#### RECORDS FOR PROCESSING
lemma vanishes_on_tori_0_fiber:
  assumes "finite M" and "vanishes_on_tori 0 s M c E"
  shows "(\<Sum>m\<in>{m\<in>M. E m 0 = e}. c m) = 0"
proof (rule sum_fiber_eq_0_if_vanishes_on_infinite[OF \<open>finite M\<close> infinite_unit_circle])
  fix x :: complex assume "x \<in> {x. cmod x = 1}"
  then show "(\<Sum>m\<in>M. c m * x ^ E m 0) = 0"
    using assms(2) unfolding vanishes_on_tori_def
    by (auto simp: trace_monomial_def dest: spec[of _ 1] spec[of _ "\<lambda>_. x"])
qed

lemma vanishes_on_tori_Suc_fiber:
  assumes "finite M" and s: "\<forall>N\<ge>1. s N \<noteq> 0" and vanish: "vanishes_on_tori (Suc k) s M c E"
  shows "vanishes_on_tori k (\<lambda>N. s (N + Suc k)) {m\<in>M. E m (Suc k) = e} c E"
  unfolding vanishes_on_tori_def
proof (intro allI impI)
  fix n :: nat and z :: "nat \<Rightarrow> complex" assume n: "1 \<le> n" and z: "\<forall>i<n. cmod (z i) = 1"
  define K where "K = Suc k"
  \<comment> \<open>the last scaled power sum once the K-th roots of x are appended to z\<close>
  define w where "w x = s (n + K) * (power_sum n z K + of_nat K * x)" for x :: complex
  have "s (n + K) \<noteq> 0" using s n by simp
  moreover have "of_nat K \<noteq> (0::complex)" unfolding K_def of_nat_eq_0_iff by simp
  ultimately have "inj w" by (auto simp: w_def inj_def)
  then have "infinite (w ` {x. cmod x = 1})"
    using infinite_unit_circle finite_imageD inj_on_subset by blast
  moreover have "(\<Sum>m\<in>M. c m * trace_monomial k (\<lambda>N. s (N + K)) n z (E m) * y ^ E m K) = 0"
    if y: "y \<in> w ` {x. cmod x = 1}" for y
  proof -
    obtain x where x: "cmod x = 1" "y = w x" using y by blast
    obtain \<zeta> where \<zeta>: "cmod \<zeta> = 1" "\<zeta> ^ K = x"
      using unit_circle_nth_root[OF x(1), of K] by (auto simp: K_def)
    have "(\<Sum>m\<in>M. c m * trace_monomial K s (n + K) (append_rotated_roots n z K \<zeta>) (E m)) = 0"
      using vanish append_rotated_roots_unit[OF z \<zeta>(1)] n
      unfolding vanishes_on_tori_def K_def by auto
    moreover have "trace_monomial K s (n + K) (append_rotated_roots n z K \<zeta>) d
        = trace_monomial k (\<lambda>N. s (N + K)) n z d * y ^ d K" for d
      using trace_monomial_append_rotated_roots[OF n, of k s z \<zeta> d] x \<zeta> by (simp add: K_def w_def)
    ultimately show ?thesis by (simp add: mult.assoc)
  qed
  ultimately show "(\<Sum>m\<in>{m\<in>M. E m (Suc k) = e}. c m * trace_monomial k (\<lambda>N. s (N + Suc k)) n z (E m)) = 0"
    unfolding K_def by (rule sum_fiber_eq_0_if_vanishes_on_infinite[OF \<open>finite M\<close>])
qed
lemma w_return_pi_unif:
  assumes "size BA = n" "size BD = n"
  shows "real n * w n return_pmf pi_unif BA BD = (\<Sum>a\<in>#BA. \<Sum>d\<in>#BD. win_A a d)"
proof -
  define as where "as = sorted_list_of_multiset BA"
  define ds where "ds = sorted_list_of_multiset BD"
  let ?P = "{\<sigma>. \<sigma> permutes {..<n}}"
  let ?g = "\<lambda>i k. win_A (as ! i) (ds ! k)"
  have len: "length as = n" "length ds = n"
    using assms unfolding as_def ds_def by (metis mset_sorted_list_of_multiset size_mset)+
  have P: "finite ?P" "?P \<noteq> {}"
    by (auto simp: finite_permutations intro: permutes_id)
  have "w n return_pmf pi_unif BA BD
      = (\<Sum>\<sigma>\<in>?P. \<Sum>i<n. win_A (as ! i) (permute_list \<sigma> ds ! i)) / card ?P"
    unfolding w_def pair_return_pmf1 pi_unif_def as_def[symmetric] ds_def[symmetric] len
    using P by (simp add: integral_pmf_of_set)
  also have "\<dots> = (\<Sum>\<sigma>\<in>?P. \<Sum>i<n. ?g i (\<sigma> i)) / card ?P"
    using len by (simp add: permute_list_nth)
  finally have w_eq: "w n return_pmf pi_unif BA BD = (\<Sum>i<n. \<Sum>\<sigma>\<in>?P. ?g i (\<sigma> i)) / card ?P"
    by (simp add: sum.swap[of _ ?P])
  have "real n * (\<Sum>\<sigma>\<in>?P. ?g i (\<sigma> i)) = card ?P * (\<Sum>k<n. ?g i k)" if "i < n" for i
    using card_times_sum_permutes_apply[where S="{..<n}" and i=i and g="?g i"] that by simp
  then have "real n * (\<Sum>i<n. \<Sum>\<sigma>\<in>?P. ?g i (\<sigma> i)) = card ?P * (\<Sum>i<n. \<Sum>k<n. ?g i k)"
    by (simp add: sum_distrib_left)
  moreover have "(\<Sum>i<n. \<Sum>k<n. ?g i k) = (\<Sum>a\<in>#BA. \<Sum>d\<in>#BD. win_A a d)"
  proof -
    have "(\<Sum>a\<in>#BA. H a) = (\<Sum>i<n. H (as ! i))" "(\<Sum>d\<in>#BD. H d) = (\<Sum>k<n. H (ds ! k))"
      for H :: "real \<Rightarrow> real"
      using sum_mset_mset_eq_sum_nth[of H] len unfolding as_def ds_def
      by (metis mset_sorted_list_of_multiset)+
    then show ?thesis
      by simp
  qed
  ultimately show ?thesis
    using P by (simp add: w_eq)
qed

lemma w_le: "w n \<pi>A \<pi>D BA BD \<le> real n"
proof -
  have "\<bar>\<Sum>i<n. win_A (as ! i) (ds ! i)\<bar> \<le> real n" for as ds
  proof -
    have "0 \<le> (\<Sum>i<n. win_A (as ! i) (ds ! i))" "(\<Sum>i<n. win_A (as ! i) (ds ! i)) \<le> (\<Sum>i<n. 1)"
      by (intro sum_nonneg sum_mono; simp add: win_A_def)+
    then show ?thesis
      by simp
  qed
  then show ?thesis
    unfolding w_def
    by (intro measure_pmf.integral_le_const measure_pmf.integrable_const_bound[where B="real n"])
       (auto simp: abs_le_iff split: prod.splits)
qed

lemma w_le_W:
  assumes "is_bidding_alg n (R * \<beta>) \<pi>A BA"
  shows "w n \<pi>A \<pi>D BA BD \<le> W n R \<beta> \<pi>D BD"
  unfolding W_def
  using assms by (intro cSUP_upper2[where x="(\<pi>A, BA)"] bdd_aboveI[where M="real n"]) (auto simp: w_le)

lemma W_pi_unif_ge_bid_vector:
  assumes BD: "mset (map e [0..<n]) = BD"
    and nonneg: "\<And>j. j < n \<Longrightarrow> 0 \<le> a j" and budget: "(\<Sum>j<n. a j) \<le> R * \<beta>"
  shows "(\<Sum>j<n. \<Sum>k<n. win_A (a j) (e k)) \<le> real n * W n R \<beta> pi_unif BD"
proof -
  define BA where "BA = mset (map a [0..<n])"
  have sum_BA: "(\<Sum>x\<in>#BA. h x) = (\<Sum>j<n. h (a j))" for h :: "real \<Rightarrow> real"
    using sum_mset_mset_eq_sum_nth[of h "map a [0..<n]"] unfolding BA_def by simp
  have sum_BD: "(\<Sum>x\<in>#BD. h x) = (\<Sum>k<n. h (e k))" for h :: "real \<Rightarrow> real"
    using sum_mset_mset_eq_sum_nth[of h "map e [0..<n]"] BD by simp
  have "size BA = n" "size BD = n"
    unfolding BA_def BD[symmetric] by simp_all
  have "is_bidding_alg n (R * \<beta>) return_pmf BA"
    unfolding is_bidding_alg_def is_perm_alg_def is_bid_set_def
    using sum_BA[of "\<lambda>x. x"] nonneg budget by (auto simp: BA_def)
  then have "w n return_pmf pi_unif BA BD \<le> W n R \<beta> pi_unif BD"
    by (rule w_le_W)
  moreover have "real n * w n return_pmf pi_unif BA BD = (\<Sum>j<n. \<Sum>k<n. win_A (a j) (e k))"
    using w_return_pi_unif[OF \<open>size BA = n\<close> \<open>size BD = n\<close>] sum_BA sum_BD by simp
  ultimately show ?thesis
    by (metis mult_left_mono of_nat_0_le_iff)
qed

#### YOUR GOAL
Where a line of the data contains "intro", copy that line.

#### TASK RESULT
proof (intro allI impI)
    by (auto simp: finite_permutations intro: permutes_id)
      by (intro sum_nonneg sum_mono; simp add: win_A_def)+
    by (intro measure_pmf.integral_le_const measure_pmf.integrable_const_bound[where B="real n"])
  using assms by (intro cSUP_upper2[where x="(\<pi>A, BA)"] bdd_aboveI[where M="real n"]) (auto simp: w_le)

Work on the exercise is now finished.